O jogo das vozes é também materializado quando, ainda no texto de apresentação, o montante de investimentos a ser administrado pelo Ministério da Agricultura, Pecuária e Abastecimento (MAPA) é anunciado no mesmo parágrafo em que se expressa o montante a ser administrado pelo Ministério do Desenvolvimento Agrário (MDA), mesmo que o primeiro seja da ordem de R$ 27,15 milhões e o segundo da ordem de R$ 5,14. A hegemonia dos recursos para o MAPA ainda se mantém, no entanto, as vozes do MDA, que antes não se escutavam entre esses anúncios, começam a despontar, rompendo, mesmo que ainda de maneira tímida, com a suposta monologicidade dos discursos sobre os investimentos nas atividades agrícolas e pecuárias no nosso país.

No Plano, há ainda a materialização de um outro embate, que é do âmbito geográfico: Pela

primeira vez, os Preços Mínimos e as regras das Aquisições e Empréstimos do Governo Federal (AGF e EGF) para as culturas regionais e das regiões Norte e Nordeste foram anunciados junto com o Plano de Safra para o Centro-Sul, permitindo ao produtor mais tempo para a tomada de decisões (p.4). Esse enunciado, a partir de sua constituição, nos permite construir sentidos ligados ao tempo em que os anúncios de todas essas medidas era feito. E a justificativa apresentada para tal decisão é de que Essa medida do governo Lula

atende a uma antiga reivindicação de agricultores, pecuaristas e de entidades de classe do setor agropecuário (p.4). Há, nas palavras que constituem esse anúncio, um encontro de vozes diversas: a) as vozes do Ministério da Agricultura, Pecuária e Abastecimento, posto que esse é um documento oficial anual do Ministério; b) as vozes do Ministro – Roberto Rodrigues –, que assina o documento; c) as vozes do partido do Ministro, posto que este é um membro de uma organização política que trabalha segundo seus princípios e interesses; d) as vozes do Governo Federal, que, no texto, vêm expressas pelos termos Governo Lula; e) as vozes das regiões Norte, Nordeste e Centro-Sul; e f) as vozes de agricultores, pecuaristas e entidades de classe do setor agropecuário. Todas essas vozes constituem esse enunciado e vão emprenhando de sentidos as palavras que são assinadas por um só sujeito – neste caso, o Ministro. As vozes constituintes desse encontro constituem também os discursos circulantes nesse documento, discursos esses que, assim como todas as formas de interação verbal, acham-se muito estreitamente vinculados

às condições de uma situação social dada e reagem de maneira muito sensível a todas as flutuações da atmosfera social. Assim é que no seio desta psicologia do corpo social materializada na palavra acumulam-se mudanças e deslocamentos quase imperceptíveis que, mais tarde, encontram sua expressão nas produções ideológicas acabadas (BAKHTIN/VOLOCHÍNOV, 2009a, p.43).

Dessa forma, esse encontro não é somente um encontro de todas essas vozes porque elas aparecem ali expressas nas palavras as quais podemos auscultar pelo estudo dos contextos de produção desse documento; esse encontro reflete e refrata movimentos, que vão reorganizando socialmente a base material, num jogo contínuo, dinâmico, vivo.

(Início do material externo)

(* (a) For every integer $n\ge 2$, $\mathrm{spt}2_d(n)=2p_d(n-1)-p_d(n)$. (b) For every integer $n\ge 4$, $\mathrm{spt}3_d(n)=2p_d(n-3)-2p_d(n-1)+p_d(n)$.
   Context: $\mathrm{spt}k_d(n)$ is the number of partitions of $n$ in which the smallest part occurs exactly $k$ times and all remaining parts (those larger than the smallest part) are pairwise distinct. $p_d(n)$ is the number of partitions of $n$ into distinct parts, with $p_d(0)=1$. *)

theory Defs
  imports Main "HOL-Library.Multiset"
begin

definition partitions :: "nat \<Rightarrow> nat multiset set" where
  "partitions n = {M. (\<forall>x \<in># M. 0 < x) \<and> sum_mset M = n}"

definition p_d :: "nat \<Rightarrow> nat" where
  "p_d n = card {M \<in> partitions n. \<forall>x. count M x \<le> 1}"

definition sptk_d :: "nat \<Rightarrow> nat \<Rightarrow> nat" where
  "sptk_d k n = card {M \<in> partitions n. M \<noteq> {#} \<and>
      count M (Min (set_mset M)) = k \<and>
      (\<forall>x. x \<noteq> Min (set_mset M) \<longrightarrow> count M x \<le> 1)}"

end

theory Submission
  imports Defs
begin

text \<open>
  Write q m n for the number of partitions of n into distinct parts all exceeding m, so that
  p_d n = q 0 n. Removing the k copies of the smallest part m gives
  spt_k n = \<Sum>_{m \<ge> 1} q m (n - k m), and sorting by whether the part m occurs gives
  q (m - 1) N = q m N + q m (N - m). Applied with N = n - k m, term by term, this yields
  spt_(k+1) n + spt_k n = p_d (n - k) + spt_k (n - k) for 1 \<le> k \<le> n, the term m = 1 on the
  right supplying p_d (n - k). Since spt_1 n = p_d n for n > 0, the cases k = 1 and k = 2
  give (a) and (b).
\<close>

definition distinct_partitions_above :: "nat \<Rightarrow> nat \<Rightarrow> nat multiset set" where
  "distinct_partitions_above m n =
     {M. (\<forall>x\<in>#M. m < x) \<and> (\<forall>x. count M x \<le> 1) \<and> sum_mset M = n}"

definition p_d_above :: "nat \<Rightarrow> nat \<Rightarrow> nat" where
  "p_d_above m n = card (distinct_partitions_above m n)"

lemma member_le_sum_mset: "x \<in># (M::nat multiset) \<Longrightarrow> x \<le> sum_mset M"
  by (metis le_add1 sum_mset.remove)

lemma finite_distinct_partitions_above: "finite (distinct_partitions_above m n)"
proof (rule finite_subset)
  have "M = mset_set (set_mset M) \<and> set_mset M \<subseteq> {..n}"
    if "M \<in> distinct_partitions_above m n" for M
    using that unfolding distinct_partitions_above_def
    by (auto intro!: multiset_eqI simp: count_mset_set' not_in_iff member_le_sum_mset le_antisym)
  then show "distinct_partitions_above m n \<subseteq> mset_set ` Pow {..n}"
    by blast
qed simp

lemma p_d_eq_p_d_above_0: "p_d n = p_d_above 0 n"
  unfolding p_d_def p_d_above_def distinct_partitions_above_def partitions_def
  by (rule arg_cong[where f = card]) auto

lemma distinct_partitions_above_Suc_split:
  "distinct_partitions_above j n = distinct_partitions_above (Suc j) n \<union>
     (if Suc j \<le> n then add_mset (Suc j) ` distinct_partitions_above (Suc j) (n - Suc j) else {})"
  (is "?D = ?D' \<union> ?E")
proof (intro equalityI subsetI)
  fix M assume "M \<in> ?D"
  then have parts: "\<forall>x\<in>#M. j < x" and distinct: "\<forall>x. count M x \<le> 1" and sum: "sum_mset M = n"
    unfolding distinct_partitions_above_def by auto
  show "M \<in> ?D' \<union> ?E"
  proof (cases "Suc j \<in># M")
    case False
    with parts have "\<forall>x\<in>#M. Suc j < x"
      by (metis Suc_lessI)
    with distinct sum show ?thesis
      unfolding distinct_partitions_above_def by simp
  next
    case True
    define M' where "M' = M - {#Suc j#}"
    have M: "M = add_mset (Suc j) M'"
      using True by (simp add: M'_def)
    have "Suc j \<notin># M'"
      using distinct[rule_format, of "Suc j"] by (simp add: M count_eq_zero_iff[symmetric])
    with parts have "\<forall>x\<in>#M'. Suc j < x"
      by (metis M Suc_lessI add_mset_commute insert_DiffM insert_noteq_member)
    moreover have "\<forall>x. count M' x \<le> 1"
      using distinct by (metis M count_add_mset le_SucI not_less_eq_eq)
    ultimately have "M' \<in> distinct_partitions_above (Suc j) (n - Suc j)"
      using sum by (simp add: distinct_partitions_above_def M)
    moreover have "Suc j \<le> n"
      using True member_le_sum_mset sum by blast
    ultimately show ?thesis
      by (simp add: M)
  qed
next
  fix M assume "M \<in> ?D' \<union> ?E"
  then consider "M \<in> ?D'"
    | M' where "M = add_mset (Suc j) M'" "M' \<in> distinct_partitions_above (Suc j) (n - Suc j)"
        "Suc j \<le> n"
    by (cases "Suc j \<le> n") auto
  then show "M \<in> ?D"
  proof cases
    case 1
    then show ?thesis
      unfolding distinct_partitions_above_def by auto
  next
    case (2 M')
    then have "count M' (Suc j) = 0"
      unfolding distinct_partitions_above_def using not_in_iff by fastforce
    with 2 show ?thesis
      unfolding distinct_partitions_above_def by auto
  qed
qed

lemma p_d_above_Suc:
  "p_d_above j n =
     p_d_above (Suc j) n + (if Suc j \<le> n then p_d_above (Suc j) (n - Suc j) else 0)"
proof -
  have "distinct_partitions_above (Suc j) n \<inter> add_mset (Suc j) ` X = {}" for X
    by (auto simp: distinct_partitions_above_def)
  then show ?thesis
    unfolding p_d_above_def distinct_partitions_above_Suc_split[of j n]
    by (simp add: card_Un_disjoint finite_distinct_partitions_above card_image inj_on_def)
qed

lemma Min_add_replicate_mset:
  assumes "0 < k" "\<forall>x\<in>#M. m < x"
  shows "Min (set_mset (M + replicate_mset k m)) = m"
  using assms by (intro Min_eqI) (auto simp: less_imp_le)

lemma less_div_iff_mult_Suc_le: "0 < k \<Longrightarrow> j < n div k \<longleftrightarrow> k * Suc j \<le> n"
  by (metis Suc_le_eq less_eq_div_iff_mult_less_eq mult.commute)

lemma sptk_d_set_eq:
  assumes "0 < k"
  shows "{M \<in> partitions n. M \<noteq> {#} \<and> count M (Min (set_mset M)) = k \<and>
            (\<forall>x. x \<noteq> Min (set_mset M) \<longrightarrow> count M x \<le> 1)}
       = (\<Union>j<n div k. (\<lambda>M'. M' + replicate_mset k (Suc j)) `
            distinct_partitions_above (Suc j) (n - k * Suc j))"
  (is "?S = ?U")
proof (intro equalityI subsetI)
  fix M assume "M \<in> ?S"
  then have pos: "\<forall>x\<in>#M. 0 < x" and sum: "sum_mset M = n" and "M \<noteq> {#}"
    and min: "count M (Min (set_mset M)) = k"
    and distinct: "\<forall>x. x \<noteq> Min (set_mset M) \<longrightarrow> count M x \<le> 1"
    unfolding partitions_def by auto
  define m where "m = Min (set_mset M)"
  define M' where "M' = filter_mset (\<lambda>x. x \<noteq> m) M"
  have "m \<in># M" and min_le: "\<forall>x\<in>#M. m \<le> x"
    using \<open>M \<noteq> {#}\<close> by (auto simp: m_def)
  then obtain j where j: "m = Suc j"
    using pos gr0_implies_Suc by blast
  have M: "M = M' + replicate_mset k m"
    by (rule multiset_eqI) (simp add: M'_def min[folded m_def])
  have "sum_mset M' + k * m = n"
    using sum by (simp add: M)
  then have "M' \<in> distinct_partitions_above m (n - k * m)" and "k * m \<le> n"
    using min_le distinct
    unfolding distinct_partitions_above_def M'_def m_def by (auto simp: le_neq_implies_less)
  then show "M \<in> ?U"
    using less_div_iff_mult_Suc_le[OF assms] by (auto simp: M j)
next
  fix M assume "M \<in> ?U"
  then obtain j M' where j: "j < n div k" and M': "M' \<in> distinct_partitions_above (Suc j) (n - k * Suc j)"
    and M: "M = M' + replicate_mset k (Suc j)"
    by blast
  then have min: "Min (set_mset M) = Suc j"
    using Min_add_replicate_mset[OF assms] unfolding distinct_partitions_above_def by blast
  have "count M' (Suc j) = 0"
    using M' unfolding distinct_partitions_above_def using not_in_iff by fastforce
  moreover have "k * Suc j \<le> n"
    using j less_div_iff_mult_Suc_le[OF assms] by blast
  ultimately show "M \<in> ?S"
    using M' assms min unfolding partitions_def distinct_partitions_above_def
    by (auto simp: M dest: less_trans[OF zero_less_Suc])
qed

lemma sptk_d_eq_sum:
  assumes "0 < k"
  shows "sptk_d k n = (\<Sum>j<n div k. p_d_above (Suc j) (n - k * Suc j))"
proof -
  let ?F = "\<lambda>j. (\<lambda>M'. M' + replicate_mset k (Suc j)) ` distinct_partitions_above (Suc j) (n - k * Suc j)"
  have min: "Min (set_mset M) = Suc j" if "M \<in> ?F j" for M j
    using that Min_add_replicate_mset[OF assms] unfolding distinct_partitions_above_def by blast
  have "sptk_d k n = card (\<Union>j<n div k. ?F j)"
    unfolding sptk_d_def sptk_d_set_eq[OF assms] ..
  also have "\<dots> = (\<Sum>j<n div k. card (?F j))"
  proof (rule card_UN_disjoint)
    show "\<forall>i\<in>{..<n div k}. \<forall>j\<in>{..<n div k}. i \<noteq> j \<longrightarrow> ?F i \<inter> ?F j = {}"
      using min by (metis Suc_inject disjoint_iff)
  qed (simp_all add: finite_distinct_partitions_above)
  also have "\<dots> = (\<Sum>j<n div k. p_d_above (Suc j) (n - k * Suc j))"
    by (simp add: p_d_above_def card_image inj_on_def)
  finally show ?thesis .
qed

lemma sptk_d_Suc_add:
  assumes "0 < k" "k \<le> n"
  shows "sptk_d (Suc k) n + sptk_d k n = p_d (n - k) + sptk_d k (n - k)"
proof -
  have step: "p_d_above j (n - k * Suc j) = p_d_above (Suc j) (n - k * Suc j) +
      (if Suc k * Suc j \<le> n then p_d_above (Suc j) (n - Suc k * Suc j) else 0)" for j
  proof -
    have "Suc j \<le> n - k * Suc j \<longleftrightarrow> Suc k * Suc j \<le> n"
      "n - k * Suc j - Suc j = n - Suc k * Suc j"
      by auto
    then show ?thesis
      using p_d_above_Suc[of j "n - k * Suc j"] by simp
  qed
  have range: "{j \<in> {..<n div k}. Suc k * Suc j \<le> n} = {..<n div Suc k}"
    using less_div_iff_mult_Suc_le[OF assms(1)] less_div_iff_mult_Suc_le[of "Suc k"] by auto
  have "(\<Sum>j<n div k. if Suc k * Suc j \<le> n then p_d_above (Suc j) (n - Suc k * Suc j) else 0)
      = sptk_d (Suc k) n"
    unfolding sptk_d_eq_sum[OF zero_less_Suc] range[symmetric]
    by (rule sum.inter_filter[symmetric]) simp
  then have "(\<Sum>j<n div k. p_d_above j (n - k * Suc j)) = sptk_d k n + sptk_d (Suc k) n"
    unfolding step sum.distrib sptk_d_eq_sum[OF assms(1)] by simp
  moreover have "n div k = Suc ((n - k) div k)"
    using assms by (simp add: le_div_geq)
  then have "(\<Sum>j<n div k. p_d_above j (n - k * Suc j)) = p_d (n - k) + sptk_d k (n - k)"
    unfolding sptk_d_eq_sum[OF assms(1)] p_d_eq_p_d_above_0
    by (simp add: sum.lessThan_Suc_shift diff_diff_add del: sum.lessThan_Suc)
  ultimately show ?thesis
    by simp
qed

lemma sptk_d_1:
  assumes "0 < n"
  shows "sptk_d 1 n = p_d n"
proof -
  have "M \<noteq> {#}" if "M \<in> partitions n" for M
    using that assms by (auto simp: partitions_def)
  then have "(M \<noteq> {#} \<and> count M (Min (set_mset M)) = 1 \<and>
      (\<forall>x. x \<noteq> Min (set_mset M) \<longrightarrow> count M x \<le> 1)) \<longleftrightarrow> (\<forall>x. count M x \<le> 1)"
    if "M \<in> partitions n" for M
    using that by (metis Min_in_mset count_greater_eq_one_iff dual_order.antisym)
  then show ?thesis
    unfolding sptk_d_def p_d_def by (intro arg_cong[where f = card] Collect_cong) blast
qed

lemma sptk_d_2:
  assumes "2 \<le> n"
  shows "int (sptk_d 2 n) = 2 * int (p_d (n - 1)) - int (p_d n)"
  using sptk_d_Suc_add[of 1 n] sptk_d_1[of n] sptk_d_1[of "n - 1"] assms
  by (simp add: numeral_2_eq_2)

lemma sptk_d_3:
  assumes "4 \<le> n"
  shows "int (sptk_d 3 n) = 2 * int (p_d (n - 3)) - 2 * int (p_d (n - 1)) + int (p_d n)"
proof -
  have "sptk_d 3 n + sptk_d 2 n = p_d (n - 2) + sptk_d 2 (n - 2)"
    using sptk_d_Suc_add[of 2 n] assms by (simp add: numeral_3_eq_3)
  moreover have "int (sptk_d 2 (n - 2)) = 2 * int (p_d (n - 3)) - int (p_d (n - 2))"
    using sptk_d_2[of "n - 2"] assms by simp
  ultimately show ?thesis
    using sptk_d_2[of n] assms by simp
qed

theorem corollary5:
  shows "(\<forall>n::nat. n \<ge> 2 \<longrightarrow>
            int (sptk_d 2 n) = 2 * int (p_d (n - 1)) - int (p_d n))
       \<and> (\<forall>n::nat. n \<ge> 4 \<longrightarrow>
            int (sptk_d 3 n) = 2 * int (p_d (n - 3)) - 2 * int (p_d (n - 1)) + int (p_d n))"
  using sptk_d_2 sptk_d_3 by blast

end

No entanto, mesmo não sendo um discurso de uma única voz, as hegemonias não se quebram, não se rompem integralmente. O mesmo discurso que declara a aposta no agronegócio, expressa já na abertura do documento, desponta novamente em seu fechamento: Todas essas

medidas de apoio efetivo aos produtores demonstram que o Governo Lula prioriza o agronegócio (p.4). E essa afirmação é interpenetrada pela confiança na capacidade de gerar

emprego no campo e na cidade, de multiplicar renda e de interiorizar o desenvolvimento em proveito de parcelas menos favorecidas da população (p.4). Mesmo que o agronegócio seja ainda uma aposta desse Governo, assim como o que vem expresso nos Planos anteriormente analisados, as parcelas menos favorecidas da população começam ao menos a serem citadas num texto de apresentação de um documento oficial desse Ministério.